Quick answer

Core vaccines for most horses cover tetanus and equine influenza, with others such as equine herpesvirus added based on risk. Your vet sets the schedule, usually a primary course followed by regular boosters.

The core protections

Tetanus is the one no horse should be without, as it is often fatal and horses are highly susceptible. Equine influenza is the other mainstay, especially for horses that travel, compete or mix with others. These form the backbone of most vaccination plans.

Risk-based extras

Depending on where you are and what your horse does, your vet may add equine herpesvirus, strangles or other vaccines. Competition bodies and some yards require flu vaccination on a strict timetable, so keep records up to date if you compete.

Timing and boosters

Young or newly vaccinated horses need a primary course of two or more doses, then regular boosters to keep immunity topped up.
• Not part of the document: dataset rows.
lemma herm_form_mult_mat_vec:
  assumes P: "P \<in> carrier_mat n n" and n: "n = k+l"
    and x: "x \<in> carrier_vec n" and y: "y \<in> carrier_vec n"
  shows "herm_form k l (P *\<^sub>v x) (P *\<^sub>v y) =
    (\<Sum>i<n. \<Sum>j<n. x $ i * cnj (y $ j) * herm_form k l (col P i) (col P j))"
proof -
  have row: "(P *\<^sub>v z) $ a = (\<Sum>i<n. P $$ (a,i) * z $ i)" if "a < n" "z \<in> carrier_vec n" for a z
    using P that by (auto simp: scalar_prod_def row_def lessThan_atLeast0 mult_ac intro!: sum.cong)
  have col: "col P i $ a = P $$ (a,i)" if "a < n" "i < n" for a i
    using P that by simp
  have "herm_form k l (P *\<^sub>v x) (P *\<^sub>v y)
      = (\<Sum>a<n. herm_sign k a * (\<Sum>i<n. P $$ (a,i) * x $ i) * cnj (\<Sum>j<n. P $$ (a,j) * y $ j))"
    unfolding herm_form_as_sum n[symmetric] using x y by (intro sum.cong) (auto simp: row)
  also have "\<dots> = (\<Sum>a<n. \<Sum>i<n. \<Sum>j<n.
      x $ i * cnj (y $ j) * (herm_sign k a * P $$ (a,i) * cnj (P $$ (a,j))))"
  proof (rule sum.cong[OF refl])
    fix a
    have "herm_sign k a * (\<Sum>i<n. P $$ (a,i) * x $ i) * cnj (\<Sum>j<n. P $$ (a,j) * y $ j)
        = herm_sign k a * ((\<Sum>i<n. P $$ (a,i) * x $ i) * (\<Sum>j<n. cnj (P $$ (a,j) * y $ j)))"
      by (simp only: cnj_sum mult.assoc)
    also have "\<dots> = herm_sign k a * (\<Sum>i<n. \<Sum>j<n. P $$ (a,i) * x $ i * cnj (P $$ (a,j) * y $ j))"
      by (simp only: sum_product)
    also have "\<dots> = (\<Sum>i<n. \<Sum>j<n. herm_sign k a * (P $$ (a,i) * x $ i * cnj (P $$ (a,j) * y $ j)))"
      by (simp only: sum_distrib_left)
    also have "\<dots> = (\<Sum>i<n. \<Sum>j<n.
        x $ i * cnj (y $ j) * (herm_sign k a * P $$ (a,i) * cnj (P $$ (a,j))))"
      by (intro sum.cong refl) (simp add: complex_cnj_mult)
    finally show "herm_sign k a * (\<Sum>i<n. P $$ (a,i) * x $ i) * cnj (\<Sum>j<n. P $$ (a,j) * y $ j)
        = (\<Sum>i<n. \<Sum>j<n. x $ i * cnj (y $ j) * (herm_sign k a * P $$ (a,i) * cnj (P $$ (a,j))))" .
  qed
  also have "\<dots> = (\<Sum>i<n. \<Sum>j<n. \<Sum>a<n.
      x $ i * cnj (y $ j) * (herm_sign k a * P $$ (a,i) * cnj (P $$ (a,j))))"
    by (subst sum.swap, rule sum.cong[OF refl], rule sum.swap)
  also have "\<dots> = (\<Sum>i<n. \<Sum>j<n. x $ i * cnj (y $ j) * herm_form k l (col P i) (col P j))"
    unfolding herm_form_as_sum n[symmetric] by (intro sum.cong refl) (simp add: sum_distrib_left col)
  finally show ?thesis .
qed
Missing a booster can mean starting the course again and may make a horse ineligible to compete, so diarise the dates.

Support recovery

Most horses are fine after vaccination, but some are quiet or a little sore for a day. Give light turnout rather than hard work that day, keep water and forage available, and monitor the injection site. A stocked first aid kit is handy for any minor reaction.

Work with your vet

Vaccination needs vary by location, age, use and disease risk, so a plan from your vet is worth far more than a generic schedule. Keep clear records, and never skip tetanus cover, which is the cheapest life-saving protection you can give.